» **YOUR GOAL**:
Go over the listing below line by line, and return each one holding the string "definition".

» **EXERCISE INPUT**:
(* Let $F$ be a field, $A$ a free abelian group with basis $\{x_1,\dots,x_n\}$, $F * A$ a twisted group algebra of $A$ over $F$, and $M$ a finitely generated (right) $F * A$-module with $\mathrm{gk}(M)=r$, where $0<r<n$. Let $\{i_1,\dots,i_r\}\subseteq\{1,\dots,n\}$ be such that $M$ is not torsion as an $F * \langle x_{i_1},\dots,x_{i_r}\rangle$-module, let $\{j_1,\dots,j_{n-r}\}$ be the complement of $\{i_1,\dots,i_r\}$ in $\{1,\dots,n\}$, and set $\mathcal S = F * \langle x_{i_1},\dots,x_{i_r}\rangle\setminus\{0\}$. Let $D$ be the quotient division ring of $F * \langle x_{i_1},\dots,x_{i_r}\rangle$, so that the localization $(F * A)\mathcal S^{-1}$ is a crossed product $D * \langle x_{j_1},\dots,x_{j_{n-r}}\rangle$. Then $M\mathcal S^{-1}$ is a nonzero $D * \langle x_{j_1},\dots,x_{j_{n-r}}\rangle$-module which is finite dimensional as a $D$-vector space.
   Context: A twisted group algebra $F * A$ of a finitely generated free abelian group $A$ over a field $F$ is an associative $F$-algebra with an $F$-basis $\{\bar a : a \in A\}$ such that $\bar a_1 \bar a_2 = \tau(a_1,a_2)\overline{a_1a_2}$ with $\tau: A\times A\to F\setminus\{0\}$ a 2-cocycle. For a subgroup $B\le A$, $F * B$ is the subalgebra spanned by $\{\bar b: b\in B\}$; $F * B\setminus\{0\}$ is an Ore subset of $F * A$. A module $M$ is torsion as an $F * B$-module if every element of $M$ is annihilated by some nonzero element of $F * B$. A crossed product $D * C$ of an abelian group $C$ over a division ring $D$ is a ring with a $D$-basis $\{\bar c: c\in C\}$ with $\bar c_1\bar c_2=\tau(c_1,c_2)\overline{c_1c_2}$ ($\tau(c_1,c_2)\in D\setminus\{0\}$) and $\bar c d=\sigma_c(d)\bar c$ for automorphisms $\sigma_c$ of $D$. $\mathrm{gk}(M)$ denotes the Gelfand–Kirillov dimension of $M$ (measured over $F$); for finitely generated modules it equals the supremum of the ranks of subgroups $B\le A$ such that $M$ is not $F * B$-torsion. $M\mathcal S^{-1}$ denotes the localized module $M\otimes_{F * A}(F * A)\mathcal S^{-1}$. *)

theory Defs
  imports Complex_Main "HOL-Library.Extended_Real" "HOL-Library.Liminf_Limsup"
begin

text \<open>The free abelian group A with basis x_i (i in the finite index type 'i) is
  realised as 'i => int; x_i is the indicator of i. Group operation is pointwise addition.\<close>

definition gzero :: "'i \<Rightarrow> int" where "gzero = (\<lambda>i. 0)"
definition gadd :: "('i \<Rightarrow> int) \<Rightarrow> ('i \<Rightarrow> int) \<Rightarrow> ('i \<Rightarrow> int)" where
  "gadd a b = (\<lambda>i. a i + b i)"
definition gdiff :: "('i \<Rightarrow> int) \<Rightarrow> ('i \<Rightarrow> int) \<Rightarrow> ('i \<Rightarrow> int)" where
  "gdiff a b = (\<lambda>i. a i - b i)"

» **THE ANSWER**:
definition gzero :: "'i \<Rightarrow> int" where "gzero = (\<lambda>i. 0)"
definition gadd :: "('i \<Rightarrow> int) \<Rightarrow> ('i \<Rightarrow> int) \<Rightarrow> ('i \<Rightarrow> int)" where
definition gdiff :: "('i \<Rightarrow> int) \<Rightarrow> ('i \<Rightarrow> int) \<Rightarrow> ('i \<Rightarrow> int)" where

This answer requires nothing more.